Soho Crime, 2015
[originally published as En man med litet ansikte, 2007]
translated by Marlaine Delargy
I've been a fan of Tursten's work from the first book of this series, Detective Inspector Huss, and my favorite of all of her novels will always be The Torso, book #3 in the series order. The Beige Man is book #7 and frankly, much better than the last 2 or 3 books that Tursten's produced.
As usual, Tursten captures the reader's attention within the first few opening pages. This time two officers waiting for fast food get a radio call about a stolen BMW. As they wait, the stolen car flies right past them at top speed, so they take off after it. While trying to keep up, the officers watch in horror as they see "something fly up in the air, then land to one side of the car." One of the policemen realizes that the driver of the BMW has just hit someone -- who later turns out to be a retired policemen. Not too much later, the stolen, empty and now torched car is discovered in the vicinity of a holiday village in the forest, and while looking for the drivers, the police bring in the dogs, who make a horrific discovery in an old root cellar: the body of a very young, half-naked girl, who has been physically and sexually abused. However, the driver and passenger of the BMW seem to have just vanished. As the dual investigation proceeds, the police discover that the little girl may have been a victim of sex trafficking; the only good news is that the cops have a line on the man who may have brought her into Sweden. All of this happens within the first few pages, so of course, solving these crimes is not going to be that simple, as Irene and the other members of her group (along with the reader) quickly discover.

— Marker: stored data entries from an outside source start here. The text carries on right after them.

(* Let $(T(t))_{t\ge0}$ be a bounded $C_0$-semigroup on a Banach space $E$ that is norm continuous at infinity. Then for all $n\in\mathbb{N}$ and $t_1,\dots,t_n\ge0$, $$\ker(T(t_1)-\mathrm{Id})\cdots(T(t_n)-\mathrm{Id})=\ker(T(t_1)-\mathrm{Id})+\cdots+\ker(T(t_n)-\mathrm{Id}).$$
   Context: With $\omega_0=\omega_0(T)=\inf\{\omega\in\mathbb{R}:\exists M,\ \|T(t)\|\le Me^{\omega t}\ \forall t\ge0\}$ the growth bound, the semigroup is norm continuous at infinity if $\lim_{t\to\infty}\limsup_{h\downarrow0}\|e^{-\omega_0t}T(t)(\mathrm{Id}-e^{-\omega_0h}T(h))\|=0$. *)

theory Defs
  imports "HOL-Analysis.Analysis" "HOL-Library.Set_Algebras"
begin

text \<open>A C0-semigroup on a (real) Banach space, given as a map from the
  time parameter to bounded linear operators (values for t < 0 are irrelevant).\<close>
definition C0_semigroup :: "(real \<Rightarrow> ('a::banach \<Rightarrow>\<^sub>L 'a)) \<Rightarrow> bool" where
  "C0_semigroup T \<longleftrightarrow>
     T 0 = id_blinfun \<and>
     (\<forall>s t. 0 \<le> s \<longrightarrow> 0 \<le> t \<longrightarrow> T (s + t) = T s o\<^sub>L T t) \<and>
     (\<forall>x. continuous_on {0..} (\<lambda>t. blinfun_apply (T t) x))"

definition bounded_semigroup :: "(real \<Rightarrow> ('a::real_normed_vector \<Rightarrow>\<^sub>L 'a)) \<Rightarrow> bool" where
  "bounded_semigroup T \<longleftrightarrow> (\<exists>M. \<forall>t\<ge>0. norm (T t) \<le> M)"

text \<open>Growth bound, as an extended real (it may be \<open>-\<infinity>\<close>).\<close>
definition growth_bound :: "(real \<Rightarrow> ('a::real_normed_vector \<Rightarrow>\<^sub>L 'a)) \<Rightarrow> ereal" where
  "growth_bound T = Inf {ereal \<omega> | \<omega>. \<exists>M. \<forall>t\<ge>0. norm (T t) \<le> M * exp (\<omega> * t)}"

text \<open>Norm continuity at infinity: the defining formula requires a real growth bound.\<close>
definition norm_continuous_at_infinity :: "(real \<Rightarrow> ('a::real_normed_vector \<Rightarrow>\<^sub>L 'a)) \<Rightarrow> bool" where
  "norm_continuous_at_infinity T \<longleftrightarrow>
     (\<exists>\<omega>0::real. growth_bound T = ereal \<omega>0 \<and>
        ((\<lambda>t. Limsup (at_right 0) (\<lambda>h. ereal (norm
            (exp (- \<omega>0 * t) *\<^sub>R (T t o\<^sub>L (id_blinfun - exp (- \<omega>0 * h) *\<^sub>R T h))))))
          \<longlongrightarrow> 0) at_top)"

definition ker :: "('a::real_normed_vector \<Rightarrow>\<^sub>L 'b::real_normed_vector) \<Rightarrow> 'a set" where
  "ker A = {x. blinfun_apply A x = 0}"

end

theory Submission
  imports Defs
begin

text \<open>
  By induction on \<open>n\<close> it suffices to show that if \<open>C\<close> is a product of factors
  \<open>T t\<^sub>i - id\<close> and \<open>y = C x\<close> satisfies \<open>T \<tau> y = y\<close>, then \<open>y = C z\<close> for some \<open>z\<close>
  with \<open>T \<tau> z = z\<close>; then \<open>x = (x - z) + z\<close>. If the growth bound is negative, such
  \<open>y\<close> vanish. If it is \<open>0\<close>, norm continuity at infinity makes \<open>T\<close> uniformly
  continuous on the \<open>\<tau>\<close>-periodic vectors, so their orbits have only finitely many
  nonzero Fourier coefficients and every periodic vector is a finite sum of
  harmonics; uniqueness of Fourier coefficients is proved with the kernel
  \<open>((1 + cos)/2)\<^sup>N\<close>. A harmonic spans a plane on which \<open>T s\<close> is a rotation, so \<open>C\<close>
  acts there as multiplication by \<open>\<Prod>\<^sub>i (cis (\<omega> t\<^sub>i) - 1)\<close>. This can be inverted
  unless a factor vanishes, and then the harmonic is a fixed point of some \<open>T t\<^sub>i\<close>
  lying in the range of \<open>T t\<^sub>i - id\<close>, which is \<open>0\<close> because \<open>T\<close> is bounded.
\<close>

section \<open>Periodic functions and Fourier coefficients\<close>

lemma periodic_shift_multiple:
  fixes F :: "real \<Rightarrow> 'b"
  assumes periodic: "\<And>s. 0 \<le> s \<Longrightarrow> F (s + p) = F s" and "0 \<le> p" "0 \<le> s"
  shows "F (s + real m * p) = F s"
proof (induction m)
  case (Suc m)
  have "F (s + real (Suc m) * p) = F ((s + real m * p) + p)" by (simp add: algebra_simps)
  also have "\<dots> = F (s + real m * p)" using periodic assms by simp
  finally show ?case using Suc by simp
qed simp

lemma integral_periodic_shift_le_period:
  fixes F :: "real \<Rightarrow> 'b::banach"
  assumes cont: "continuous_on {0..} F" and periodic: "\<And>s. 0 \<le> s \<Longrightarrow> F (s + p) = F s"
    and h: "0 \<le> h" "h \<le> p"
  shows "integral {0..p} (\<lambda>s. F (s + h)) = integral {0..p} F"
proof -
  have integrable: "\<And>a b. 0 \<le> a \<Longrightarrow> F integrable_on {a..b}"
    by (rule integrable_continuous_real, rule continuous_on_subset[OF cont]) auto
  have "integral {0..p} (\<lambda>s. F (s + h)) = integral {h..p+h} F"
    using integral_shift_real_ivl[of h h "p+h" F] by (simp only: diff_self add_diff_cancel)
  also have "\<dots> = integral {h..p} F + integral {p..p+h} F"
    using Henstock_Kurzweil_Integration.integral_combine[where f=F and a=h and c=p and b="p+h"] integrable[of h "p+h"] h
    by simp
  also have "integral {p..p+h} F = integral {0..h} (\<lambda>s. F (s + p))"
    using integral_shift_real_ivl[of p p "p+h" F] by (simp only: diff_self add_diff_cancel_left')
  also have "\<dots> = integral {0..h} F"
    by (rule integral_cong) (use periodic in auto)
  also have "integral {h..p} F + integral {0..h} F = integral {0..p} F"
    using Henstock_Kurzweil_Integration.integral_combine[where f=F and a=0 and c=h and b=p] integrable[of 0 p] h
    by (simp add: add.commute)
  finally show ?thesis .
qed

lemma integral_periodic_shift:
  fixes F :: "real \<Rightarrow> 'b::banach"
  assumes cont: "continuous_on {0..} F" and periodic: "\<And>s. 0 \<le> s \<Longrightarrow> F (s + p) = F s"
    and "0 \<le> h" "0 < p"
  shows "integral {0..p} (\<lambda>s. F (s + h)) = integral {0..p} F"
proof -
  define m where "m = nat \<lfloor>h / p\<rfloor>"
  define h0 where "h0 = h - real m * p"
  have m: "real m = of_int \<lfloor>h / p\<rfloor>" using assms unfolding m_def by simp
  have floor: "of_int \<lfloor>h / p\<rfloor> \<le> h / p" "h / p < of_int \<lfloor>h / p\<rfloor> + 1"
    by linarith+
  have "real m * p \<le> h" "h < (real m + 1) * p"
    using floor m \<open>0 < p\<close> by (metis pos_le_divide_eq, metis pos_divide_less_eq)
  then have h0: "0 \<le> h0" "h0 \<le> p" unfolding h0_def by (simp_all add: algebra_simps)
  have "integral {0..p} (\<lambda>s. F (s + h)) = integral {0..p} (\<lambda>s. F (s + h0))"
  proof (rule integral_cong)
    fix s assume "s \<in> {0..p}"
    then have "F ((s + h0) + real m * p) = F (s + h0)"
      by (intro periodic_shift_multiple[where F=F]) (use periodic assms h0 in auto)
    then show "F (s + h) = F (s + h0)" unfolding h0_def by (simp add: algebra_simps)
  qed
  also have "\<dots> = integral {0..p} F"
    by (rule integral_periodic_shift_le_period[of F p h0]) (use cont periodic h0 in auto)
  finally show ?thesis .
qed

definition freq :: "real \<Rightarrow> int \<Rightarrow> real" where
  "freq p m = 2 * pi * of_int m / p"

definition fourier_cos :: "real \<Rightarrow> int \<Rightarrow> (real \<Rightarrow> 'a::real_normed_vector) \<Rightarrow> 'a" where
  "fourier_cos p m f = integral {0..p} (\<lambda>s. cos (freq p m * s) *\<^sub>R f s)"

definition fourier_sin :: "real \<Rightarrow> int \<Rightarrow> (real \<Rightarrow> 'a::real_normed_vector) \<Rightarrow> 'a" where
  "fourier_sin p m f = integral {0..p} (\<lambda>s. sin (freq p m * s) *\<^sub>R f s)"

lemma freq_add: "freq p (j + k) = freq p j + freq p k"
  unfolding freq_def by (simp add: add_divide_distrib distrib_left)

lemma freq_diff: "freq p (j - k) = freq p j - freq p k"
  unfolding freq_def by (simp add: diff_divide_distrib right_diff_distrib)

lemma freq_minus: "freq p (- m) = - freq p m"
  unfolding freq_def by simp

lemma freq_times_period: "0 < p \<Longrightarrow> freq p m * p = 2 * pi * of_int m"
  unfolding freq_def by simp

lemma freq_eq_0_iff: "0 < p \<Longrightarrow> freq p m = 0 \<longleftrightarrow> m = 0"
  unfolding freq_def by simp

lemma fourier_cos_minus: "fourier_cos p (- m) f = fourier_cos p m f"
  unfolding fourier_cos_def freq_minus by simp

lemma fourier_sin_minus: "fourier_sin p (- m) f = - fourier_sin p m f"
  unfolding fourier_sin_def freq_minus by (simp flip: integral_neg)

lemma has_integral_cos_freq:
  assumes "0 < p"
  shows "((\<lambda>s. cos (freq p m * s)) has_integral (if m = 0 then p else 0)) {0..p}"
proof (cases "m = 0")
  case True
  then show ?thesis using has_integral_const_real[of "1::real" 0 p] assms by (simp add: freq_def)
next
  case False
  let ?F = "\<lambda>s. sin (freq p m * s) / freq p m"
  have "((\<lambda>s. cos (freq p m * s)) has_integral (?F p - ?F 0)) {0..p}"
    using assms False
    by (intro fundamental_theorem_of_calculus)
       (auto simp: freq_eq_0_iff has_real_derivative_iff_has_vector_derivative[symmetric]
             intro!: derivative_eq_intros)
  then show ?thesis using assms False by (simp add: freq_times_period)
qed

lemma has_integral_sin_freq:
  assumes "0 < p"
  shows "((\<lambda>s. sin (freq p m * s)) has_integral 0) {0..p}"
proof (cases "m = 0")
  case True
  then show ?thesis by (simp add: freq_def)
next
  case False
  let ?F = "\<lambda>s. - cos (freq p m * s) / freq p m"
  have "((\<lambda>s. sin (freq p m * s)) has_integral (?F p - ?F 0)) {0..p}"
    using assms False
    by (intro fundamental_theorem_of_calculus)
       (auto simp: freq_eq_0_iff has_real_derivative_iff_has_vector_derivative[symmetric]
             intro!: derivative_eq_intros)
  then show ?thesis using assms False by (simp add: freq_times_period)
qed

lemma has_integral_cos_cos_freq:
  fixes j k :: nat
  assumes "0 < p"
  shows "((\<lambda>s. cos (freq p j * s) * cos (freq p k * s)) has_integral
           (if j = k then if k = 0 then p else p / 2 else 0)) {0..p}"
proof -
  have product: "cos (freq p j * s) * cos (freq p k * s)
      = cos (freq p (int j - int k) * s) / 2 + cos (freq p (int j + int k) * s) / 2" for s
    by (simp add: freq_add freq_diff cos_diff cos_add field_simps)
  have "((\<lambda>s. cos (freq p (int j - int k) * s) / 2 + cos (freq p (int j + int k) * s) / 2)
      has_integral ((if int j - int k = 0 then p else 0) / 2 + (if int j + int k = 0 then p else 0) / 2))
      {0..p}"
    by (intro has_integral_add has_integral_divide has_integral_cos_freq assms)
  then show ?thesis unfolding product by (cases "j = k"; cases "k = 0"; simp)
qed

lemma has_integral_cos_sin_freq:
  fixes j k :: nat
  assumes "0 < p"
  shows "((\<lambda>s. cos (freq p j * s) * sin (freq p k * s)) has_integral 0) {0..p}"
proof -
  have product: "cos (freq p j * s) * sin (freq p k * s)
      = sin (freq p (int k + int j) * s) / 2 + sin (freq p (int k - int j) * s) / 2" for s
    by (simp add: freq_add freq_diff sin_diff sin_add field_simps)
  have "((\<lambda>s. sin (freq p (int k + int j) * s) / 2 + sin (freq p (int k - int j) * s) / 2)
      has_integral (0 / 2 + 0 / 2)) {0..p}"
    by (intro has_integral_add has_integral_divide has_integral_sin_freq assms)
  then show ?thesis unfolding product by simp
qed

There's a very thoughtful blurb on the back cover of my book from The Denver Post which says in part,
"For decades the Swedes have excelled at crime fiction, which is often as gloomy as their long winter nights, filled with philosophical asides on life and politics."This time around, the dark world of sex trafficking/sex slavery is the main focus, and Tursten doesn't shy away from showing her readers exactly how horrific this "trade" really is. First of all, she informs her readers that
"...human trafficking today turns over more money than the narcotics trade."The girls involved rarely make it out; and those who manage to do so often suffer from severe physical and mental damage. She also notes that most men who pay for sex with a "sex slave" do so likely for reasons of power, and because they see these girls as objects -- not real people. Tursten also reveals that the majority of men who participate are "socially well-established men with families." What's even more eye-opening here is that there is even a market for killing these poor victims after they're no longer of any use -- pimps sell these girls to people who take money for getting rid of them. And as an example of an even worse reality, Tursten also reveals that in some cases, the sex-slave trade is protected by politicians and overlooked in terms of the law because of the potentially huge amounts of money involved. So quite frankly, it boggles my brain when I read an Amazon review of this book where the reader reviewer says the following:
"Maybe I am a bit weary of the crime of sex trafficking so this one was not as good as her others."Weary of the crime of sex trafficking? I ask you. How does anyone get "weary" of hearing about something that needs so much public awareness? Not only that, but hello ... the subject of this novel is right on the dustjacket blurb so caveat emptor. Duh.
What I like about Tursten's novels in general is that she doesn't have to resort to the now-standard trope of the badass heroine, but instead focuses mainly on the procedural side of police work. She situates Irene Huss in a workplace which is very much a male-dominated environment where there's no escaping from a couple of misogynistic jerks as colleagues, which is probably a more realistic situation than we non-police people realize. The down side of this series as a whole is that while I get that the author wants to portray a woman who must juggle work with home and personal life, I'm just not a huge fan of the continuing story of the dog (and I have two dogs of my own) and the issues with the twins, especially now that they're what -- 20?
While The Beige Man is not my personal favorite of her novels, I must say that the story is much better than the last couple of books Tursten's written and this time around I was pretty much hooked right away and stayed with the story until all was revealed. I will also mention that I had some things figured out early on which is pretty bothersome for me as a crime/mystery reader -- I'm one of those people who wants only tiny little clues to work on until the end so that everything is a huge surprise. That didn't happen here, but that's okay. I stick with these books because I happen to like Irene Huss as a character, and as long as Helene Tursten keeps writing them, I'll keep buying them.